‘Pesawat Gus Dur Datang, Hujan pun Reda’


Kelebihan Gus Dur di mata para sahabat dan orang-orang dekatnya.

Meski telah tiada, namun spirit Gus Dur tetap mengilhami banyak orang. Beberapa temannya menceritakan kisahnya saat istigasah peringatan ulang tahun atau milad almarhum mantan Presiden Abdurrahman Wahid di kediamannya di Ciganjur, Jakarta Selatan, beberapa waktu yang lalu.

Ketua Umum Pengurus Besar Nahdlatul Ulama Said Aqil Siradj menceritakan bahwa ia pernah diajak Gus Dur ziarah ke pedalaman Tasikmalaya, Panjulan. Gus Dur membawanya ke sebuah kuburan yang sepi. Untuk mencapai lokasi saja, harus menyeberang situ.

Saat tiba, Gus Dur menuju satu makam. Saat ditanya Said, siapa jenazah yang telah dikebumikan di tanah itu, Gus Dur tidak langsung menjawab.  “Dia orang sakti. Dia mencari musuh agar dia bisa dikalahkan,” ujar Said meniru ucapan Gus Dur.

Orang sakti yang dimaksud Gus Dur, kata Said, ternyata bernama Surya Mesesa, seorang penyebar agama Islam di Pulau Jawa. Gus Dur memberitahukan kepada Said, mengapa Surya Mesesa bisa masuk Islam.

“Untuk mendapatkan musuh, Surya Memesa sampai ke Madinah, dan bertemu Syeikh Ali. Oleh Syeikh Ali, Surya Mesesa disuruh mengangkat sebuah tongkat, dan tidak bisa. Karena itu, dia masuk Islam,” ujarnya.

Menurut Said, Gus Dur memang gemar berziarah ke makam para ulama dan sesepuh. Selain mendoakan mereka, dengan cara itu Gus Dur merangkai sejarah peristiwa yang terjadi beberapa ratus tahun yang lalu, yang bahkan tidak tertulis dalam buku-buku sejarah.

Namun ada yang yang menarik ketika Gus Dur berziarah ke suatu makam. Jika ada makam yang diziarahi Gus Dur, pasti kemudian makam itu ramai diziarahi orang. Gus Dur memang tidak hanya memberkahi orang yang hidup, tapi juga orang yang sudah mati.

Gus Mus atau Mustofa Bisri yang merupakan teman kuliah Gus Dur ketika belajar di Al Azhar Kairo, Mesir, mengakui wawasan Gus Dur memang luas karena segala jenis buku dilahapnya.

“Di mana-mana, dia bawa buku. Kalau dia sudah membaca, saya dianggap tidak ada,” ujarnya.

Gus Dur pula yang ‘mengembalikan’ Gus Mus ke habitat perpuisian. Pada tahun 1987, ketika menjadi Ketua Dewan Kesenian Jakarta, Gus Dur membuat acara “Malam Palestina”. Salah satu mata acara adalah pembacaan puisi karya para penyair Timur Tengah. Selain pembacaan puisi terjemahan, juga dilakukan pembacaan puisi aslinya.

Mustofa Bisri, yang fasih berbahasa Arab dan Inggris, mendapat tugas membaca karya penyair Timur Tengah dalam bahasa aslinya. Sejak itulah Gus Mus mulai bergaul dengan para penyair.

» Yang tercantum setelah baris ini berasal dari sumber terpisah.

definition prime_ring_ideal :: "complex set \<Rightarrow> complex set \<Rightarrow> bool" where
  "prime_ring_ideal R P \<longleftrightarrow> ring_ideal R P \<and> P \<noteq> R \<and> P \<noteq> {0} \<and>
     (\<forall>x\<in>R. \<forall>y\<in>R. x * y \<in> P \<longrightarrow> x \<in> P \<or> y \<in> P)"

text \<open>L/K unramified (at all finite primes; K is imaginary so there is no ramification at
  infinity): every nonzero prime p of O_K generates a radical (= squarefree) ideal of O_L.\<close>
definition unramified_ext :: "complex set \<Rightarrow> complex set \<Rightarrow> bool" where
  "unramified_ext K L \<longleftrightarrow> (\<forall>P. prime_ring_ideal (ints_of K) P \<longrightarrow>
      (let J = ring_ideal_gen (ints_of L) P in
        \<forall>x\<in>ints_of L. (\<exists>n. x ^ n \<in> J) \<longrightarrow> x \<in> J))"

definition hilbert_class_field :: "complex set \<Rightarrow> complex set \<Rightarrow> bool" where
  "hilbert_class_field K H \<longleftrightarrow> abelian_ext K H \<and> unramified_ext K H \<and>
     (\<forall>L. abelian_ext K L \<and> unramified_ext K L \<longrightarrow> L \<subseteq> H)"

text \<open>Value at s = 0 of the meromorphic continuation of s \<mapsto> sum over A of F s x
  (the series converging absolutely on a right half-plane). Holomorphy on the complement of a
  closed discrete set not containing 0 is required; 0 if no such continuation exists.\<close>
definition cont_at_0 :: "(complex \<Rightarrow> 'b \<Rightarrow> complex) \<Rightarrow> 'b set \<Rightarrow> complex" where
  "cont_at_0 F A =
    (let P = (\<lambda>w. \<exists>g S \<sigma>. \<not> (\<exists>z. z islimpt S) \<and> 0 \<notin> S \<and> g holomorphic_on (- S) \<and>
                 (\<forall>s. Re s > \<sigma> \<longrightarrow> s \<notin> S \<and> F s summable_on A \<and> g s = infsum (F s) A) \<and> g 0 = w)
     in if \<exists>w. P w then (THE w. P w) else 0)"

text \<open>Coefficients of eta(u,c,d,s) with respect to dz (k=0), d zbar (k=1), dv (k=2), u = z + jv.\<close>
definition eta :: "complex \<Rightarrow> real \<Rightarrow> complex \<Rightarrow> complex \<Rightarrow> complex \<Rightarrow> nat \<Rightarrow> complex" where
  "eta z v c d s k =
    (complex_of_real v powr s *
      (if k = 0 then (cnj (c * z + d))\<^sup>2
       else if k = 1 then - (cnj c * complex_of_real v)\<^sup>2
       else if k = 2 then 2 * cnj (c * z + d) * cnj c * complex_of_real v
       else 0))
    / complex_of_real ((cmod (c * z + d))\<^sup>2 + (cmod c)\<^sup>2 * v\<^sup>2) powr (2 + s)"
(* Let $n>2$, let $G_n=BS(1,n)=\langle a,b\mid bab^{-1}=a^n\rangle$, and let $\Gamma_n$ be its Cayley graph with respect to $\{a,b\}$. Let $x,y\in G_n$. If there exist $k,k'\in\mathbb{N}$ such that, with $\tilde{x}=xb^k$ and $\tilde{y}=yb^{k'}$, one has $\tilde{y}=\tilde{x}a$, then there is a geodesic in $\Gamma_n$ between $x$ and $y$ containing $\tilde{x}$ and $\tilde{y}$.
   Context: $\Gamma_n$ has vertex set $G_n$ and edges $\{g,gs\}$ for $s\in\{a^{\pm1},b^{\pm1}\}$, each of length 1, with the path-length metric. *)

theory Defs
  imports Complex_Main
begin

text \<open>Concrete model of BS(1,n) = < a, b | b a b^-1 = a^n >:
  the element (r, k) is the affine map t \<mapsto> n^k * t + r of the rationals;
  the group product is composition, a = (1,0) (t \<mapsto> t+1), b = (0,1) (t \<mapsto> n t).
  Then b a b^-1 = a^n, and the subgroup generated by a, b consists exactly of
  the pairs (r,k) with r in Z[1/n] and k in Z.\<close>

type_synonym bs_elt = "rat \<times> int"

definition bs_mult :: "nat \<Rightarrow> bs_elt \<Rightarrow> bs_elt \<Rightarrow> bs_elt" where
  "bs_mult n g h = (fst g + (of_nat n) powi (snd g) * fst h, snd g + snd h)"

definition bs_one :: bs_elt where "bs_one = (0, 0)"
definition bs_a :: bs_elt where "bs_a = (1, 0)"
definition bs_a_inv :: bs_elt where "bs_a_inv = (-1, 0)"
definition bs_b :: bs_elt where "bs_b = (0, 1)"
definition bs_b_inv :: bs_elt where "bs_b_inv = (0, -1)"

fun bs_pow :: "nat \<Rightarrow> bs_elt \<Rightarrow> nat \<Rightarrow> bs_elt" where
  "bs_pow n g 0 = bs_one"
| "bs_pow n g (Suc k) = bs_mult n (bs_pow n g k) g"

definition bs_carrier :: "nat \<Rightarrow> bs_elt set" where
  "bs_carrier n = {g. \<exists>m::int. \<exists>j::nat. fst g = of_int m / of_nat n ^ j}"

definition bs_gens :: "bs_elt set" where
  "bs_gens = {bs_a, bs_a_inv, bs_b, bs_b_inv}"

definition bs_adj :: "nat \<Rightarrow> bs_elt \<Rightarrow> bs_elt \<Rightarrow> bool" where
  "bs_adj n g h \<longleftrightarrow> (\<exists>s\<in>bs_gens. h = bs_mult n g s)"

definition bs_path :: "nat \<Rightarrow> bs_elt list \<Rightarrow> bool" where
  "bs_path n p \<longleftrightarrow> p \<noteq> [] \<and> (\<forall>i. Suc i < length p \<longrightarrow> bs_adj n (p ! i) (p ! Suc i))"

definition bs_dist :: "nat \<Rightarrow> bs_elt \<Rightarrow> bs_elt \<Rightarrow> nat" where
  "bs_dist n g h = (LEAST m. \<exists>p. bs_path n p \<and> hd p = g \<and> last p = h \<and> length p = Suc m)"

definition bs_geodesic :: "nat \<Rightarrow> bs_elt \<Rightarrow> bs_elt \<Rightarrow> bs_elt list \<Rightarrow> bool" where
  "bs_geodesic n g h p \<longleftrightarrow> bs_path n p \<and> hd p = g \<and> last p = h \<and> length p = Suc (bs_dist n g h)"

end

theory Submission
  imports Defs
begin

text \<open>In the model, x = (r, m) and y = (r + n^(m+k), m + k - k'), and the word b^k a b^-k'
  gives a path of length k + k' + 1 through x b^k and y b^k'. For the lower bound, an a-edge at
  level l moves the first coordinate by n^l, and b-edges change the level by one. If a path
  from x to y reaches maximal level M, it needs at least 2M - m - (m + k - k') b-edges; if
  M = m + k - j with j > 0, it needs at least n^j \<ge> 2j + 1 a-edges (here n \<ge> 3 is used), which
  more than pays for the 2j b-edges saved.\<close>

lemma bs_path_Cons:
  "bs_path n (u # q) \<longleftrightarrow> q = [] \<or> (bs_adj n u (hd q) \<and> bs_path n q)"
  unfolding bs_path_def by (cases q) (auto simp: nth_Cons' less_Suc_eq_0_disj)

lemma bs_adj_cases:
  assumes "bs_adj n u w"
  obtains (a_edge) "snd w = snd u" "\<bar>fst w - fst u\<bar> = of_nat n powi snd u"
        | (b_edge) "fst w = fst u" "\<bar>snd w - snd u\<bar> = 1"
  using assms
  by (auto simp: bs_adj_def bs_gens_def bs_mult_def bs_a_def bs_a_inv_def bs_b_def bs_b_inv_def)

text \<open>By \<open>bs_adj_cases\<close>, the edges of a path that keep the level are exactly its a-edges.\<close>

fun a_edges :: "bs_elt list \<Rightarrow> nat" where
  "a_edges (u # v # rest) = (if snd u = snd v then 1 else 0) + a_edges (v # rest)"
| "a_edges _ = 0"

fun b_edges :: "bs_elt list \<Rightarrow> nat" where
  "b_edges (u # v # rest) = (if snd u = snd v then 0 else 1) + b_edges (v # rest)"
| "b_edges _ = 0"

lemma a_edges_plus_b_edges: "a_edges p + b_edges p = length p - 1"
  by (induction p rule: a_edges.induct) auto

lemma bs_path_fst_diff_le:
  assumes "n > 0" "bs_path n p" "\<forall>v\<in>set p. snd v \<le> H"
  shows "\<bar>fst (last p) - fst (hd p)\<bar> \<le> of_nat (a_edges p) * of_nat n powi H"
  using assms(2,3)
proof (induction p rule: a_edges.induct)
  case (1 u v rest)
  have adj: "bs_adj n u v" and path: "bs_path n (v # rest)"
    using "1.prems"(1) by (auto simp: bs_path_Cons)
  have IH: "\<bar>fst (last (v # rest)) - fst v\<bar> \<le> of_nat (a_edges (v # rest)) * of_nat n powi H"
    using 1 path by simp
  have step_le: "(of_nat n :: rat) powi snd u \<le> of_nat n powi H"
    using assms(1) "1.prems"(2) by (intro power_int_increasing) auto
  from adj show ?case
  proof (cases rule: bs_adj_cases)
    case a_edge
    then show ?thesis using IH step_le by (simp add: distrib_right abs_triangle_ineq4)
  next
    case b_edge
    then have "snd u \<noteq> snd v" by auto
    then show ?thesis using b_edge IH by simp
  qed
qed (auto simp: bs_path_def)

lemma bs_path_snd_diff_le:
  "bs_path n p \<Longrightarrow> \<bar>snd (last p) - snd (hd p)\<bar> \<le> int (b_edges p)"
proof (induction p rule: b_edges.induct)
  case (1 u v rest)
  then have "bs_adj n u v" "\<bar>snd (last (v # rest)) - snd v\<bar> \<le> int (b_edges (v # rest))"
    by (auto simp: bs_path_Cons)
  then show ?case by (cases rule: bs_adj_cases) auto
qed (auto simp: bs_path_def)

lemma bs_path_climb_le_b_edges:
  "bs_path n p \<Longrightarrow> v \<in> set p \<Longrightarrow> (snd v - snd (hd p)) + (snd v - snd (last p)) \<le> int (b_edges p)"
proof (induction p rule: b_edges.induct)
  case (1 u w rest)
  have adj: "bs_adj n u w" and path: "bs_path n (w # rest)"
    using "1.prems"(1) by (auto simp: bs_path_Cons)
  have IH: "v \<in> set (w # rest) \<Longrightarrow>
      (snd v - snd w) + (snd v - snd (last (w # rest))) \<le> int (b_edges (w # rest))"
    using "1.IH" path by simp
  have "\<bar>snd (last (w # rest)) - snd w\<bar> \<le> int (b_edges (w # rest))"
    using bs_path_snd_diff_le[OF path] by simp
  with adj IH "1.prems"(2) show ?case by (cases rule: bs_adj_cases) auto
qed (auto simp: bs_path_def)

lemma two_mul_plus_one_le_power: "3 \<le> (n::nat) \<Longrightarrow> 2 * j + 1 \<le> n ^ j"
proof (induction j)
  case (Suc j)
  then have "2 * Suc j + 1 \<le> 3 * n ^ j" by simp
  also have "\<dots> \<le> n ^ Suc j" using Suc.prems by simp
  finally show ?case .
qed simp

lemma bs_path_length_ge:
  assumes "n > 2" and path: "bs_path n p"
    and ends: "hd p = (r, m)" "last p = (r + of_nat n powi h, m')"
  shows "(h - m) + (h - m') + 2 \<le> int (length p)"
proof -
  have "p \<noteq> []" using path by (simp add: bs_path_def)
  define M where "M = Max (snd ` set p)"
  have below: "\<forall>v\<in>set p. snd v \<le> M"
    unfolding M_def by simp
  have "M \<in> snd ` set p"
    unfolding M_def using \<open>p \<noteq> []\<close> by (intro Max_in) auto
  then obtain v where "v \<in> set p" "snd v = M" by blast
  with path ends have climb: "(M - m) + (M - m') \<le> int (b_edges p)"
    using bs_path_climb_le_b_edges by fastforce
  have a_bound: "(of_nat n :: rat) powi h \<le> of_nat (a_edges p) * of_nat n powi M"
    using bs_path_fst_diff_le[OF _ path below] assms(1) ends by simp
  have len: "int (length p) = int (a_edges p) + int (b_edges p) + 1"
    using a_edges_plus_b_edges[of p] \<open>p \<noteq> []\<close> by (cases p) auto
  have n_pos: "(0::rat) < of_nat n" using assms(1) by simp
  show ?thesis
  proof (cases "h \<le> M")
    case True
    have "a_edges p \<noteq> 0"
    proof
      assume "a_edges p = 0"
      then show False using a_bound zero_less_power_int[OF n_pos, of h] by simp
    qed
    with True climb len show ?thesis by linarith
  next
    case False
    define j where "j = nat (h - M)"
    have h: "h = M + int j" using False j_def by simp
    have "of_nat n powi M * (of_nat n :: rat) ^ j \<le> of_nat n powi M * of_nat (a_edges p)"
      using a_bound n_pos by (simp add: h power_int_add mult.commute)
    then have "n ^ j \<le> a_edges p"
      using zero_less_power_int[OF n_pos, of M] by (simp flip: of_nat_power)
    moreover have "2 * j + 1 \<le> n ^ j"
      using assms(1) by (intro two_mul_plus_one_le_power) simp
    ultimately show ?thesis using h climb len by linarith
  qed
qed

lemma bs_geodesicI:
  assumes path: "bs_path n p" "hd p = g" "last p = h"
    and shortest: "\<And>q. bs_path n q \<Longrightarrow> hd q = g \<Longrightarrow> last q = h \<Longrightarrow> length p \<le> length q"
  shows "bs_geodesic n g h p"
proof -
  obtain d where d: "length p = Suc d"
    using path(1) by (cases p) (auto simp: bs_path_def)
  have "bs_dist n g h = d"
    unfolding bs_dist_def
  proof (rule Least_equality)
    show "\<exists>q. bs_path n q \<and> hd q = g \<and> last q = h \<and> length q = Suc d"
      using path d by blast
  qed (use shortest d in fastforce)
  with path d show ?thesis by (simp add: bs_geodesic_def)
qed

fun bs_walk :: "nat \<Rightarrow> bs_elt \<Rightarrow> bs_elt list \<Rightarrow> bs_elt list" where
  "bs_walk n g [] = [g]"
| "bs_walk n g (s # ss) = g # bs_walk n (bs_mult n g s) ss"

lemma hd_bs_walk [simp]: "hd (bs_walk n g ss) = g"
  by (cases ss) auto

lemma length_bs_walk [simp]: "length (bs_walk n g ss) = Suc (length ss)"
  by (induction ss arbitrary: g) auto

lemma last_bs_walk [simp]: "last (bs_walk n g ss) = foldl (bs_mult n) g ss"
  by (induction ss arbitrary: g) (auto simp: neq_Nil_conv elim: bs_walk.elims)

lemma bs_path_bs_walk: "set ss \<subseteq> bs_gens \<Longrightarrow> bs_path n (bs_walk n g ss)"
  by (induction ss arbitrary: g) (auto simp: bs_path_Cons bs_adj_def)

lemma foldl_take_in_bs_walk: "foldl (bs_mult n) g (take i ss) \<in> set (bs_walk n g ss)"
  by (induction ss arbitrary: g i) (auto simp: take_Cons')

lemma foldl_bs_mult_replicate:
  "foldl (bs_mult n) (r, m) (replicate k bs_b) = (r, m + int k)"
  "foldl (bs_mult n) (r, m) (replicate k bs_b_inv) = (r, m - int k)"
  by (induction k arbitrary: m) (auto simp: bs_mult_def bs_b_def bs_b_inv_def)

lemma bs_mult_pow_b: "bs_mult n g (bs_pow n bs_b k) = (fst g, snd g + int k)"
proof -
  have "bs_pow n bs_b k = (0, int k)"
    by (induction k) (auto simp: bs_one_def bs_mult_def bs_b_def)
  then show ?thesis by (simp add: bs_mult_def)
qed

theorem lemma2:
  fixes n :: nat and x y :: bs_elt and k k' :: nat
  assumes "n > 2"
    and "x \<in> bs_carrier n" and "y \<in> bs_carrier n"
    and "bs_mult n y (bs_pow n bs_b k') = bs_mult n (bs_mult n x (bs_pow n bs_b k)) bs_a"
  shows "\<exists>p. bs_geodesic n x y p
           \<and> bs_mult n x (bs_pow n bs_b k) \<in> set p
           \<and> bs_mult n y (bs_pow n bs_b k') \<in> set p"
proof -
  obtain r m where x: "x = (r, m)" by fastforce
  define h where "h = m + int k"
  define s where "s = r + of_nat n powi h"
  have xk: "bs_mult n x (bs_pow n bs_b k) = (r, h)"
    by (simp add: x h_def bs_mult_pow_b)
  with assms(4) have yk: "bs_mult n y (bs_pow n bs_b k') = (s, h)"
    by (simp add: s_def bs_mult_def bs_a_def)
  then have y: "y = (s, h - int k')"
    by (simp add: bs_mult_pow_b prod_eq_iff)
  define w where "w = replicate k bs_b @ bs_a # replicate k' bs_b_inv"
  define p where "p = bs_walk n x w"
  have path: "bs_path n p"
    unfolding p_def w_def by (rule bs_path_bs_walk) (auto simp: bs_gens_def)
  have ends: "hd p = x" "last p = y"
    by (simp_all add: p_def w_def x y s_def h_def foldl_bs_mult_replicate bs_mult_def bs_a_def)
  have "(r, h) \<in> set p" "(s, h) \<in> set p"
    using foldl_take_in_bs_walk[of n x k w] foldl_take_in_bs_walk[of n x "Suc k" w]
    by (simp_all add: p_def w_def x s_def h_def foldl_bs_mult_replicate bs_mult_def bs_a_def)
  moreover have "bs_geodesic n x y p"
  proof (rule bs_geodesicI[OF path ends])
    fix q assume "bs_path n q" "hd q = x" "last q = y"
    then have "(h - m) + (h - (h - int k')) + 2 \<le> int (length q)"
      by (intro bs_path_length_ge[OF assms(1)]) (simp_all add: x y s_def)
    then show "length p \<le> length q" by (simp add: p_def w_def h_def)
  qed
  ultimately show ?thesis unfolding xk yk by blast
qed

end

Sejak Gus Mus tampil di Taman Ismail Marzuki. Kepenyairannya mulai diperhitungkan di kancah perpuisian nasional. Undangan membaca puisi mengalir dari berbagai kota. Bahkan ia juga diundang ke Malaysia, Irak, Mesir, dan beberapa negara Arab lainnya untuk berdiskusi masalah kesenian dan membaca puisi.

Sedangkan Adhie Massardi, mantan Juru bicara Gus Dur, mengkisahkan bahwa kemanapun Gus Dur berkunjung tidak pernah kehujanan. Jika hujan pun ketika Gus Dur akan datang tiba-tiba reda dengan sendirinya. Demikian juga ketika berkunjung ke Eropa, jika musim dingin maka cuacanya menjadi sejuk.

“Peristiwa itu terjadi tidak cuma sekali, tapi berkali-kali. Paspampres juga pernah bercerita ketika berkunjung ke Sumatera. Saat Gus Dur belum datang hujan deras, tapi ketika pesawat Gus Dur mulai masuk wilayah itu, hujan reda dengan sendirinya,” ujarnya.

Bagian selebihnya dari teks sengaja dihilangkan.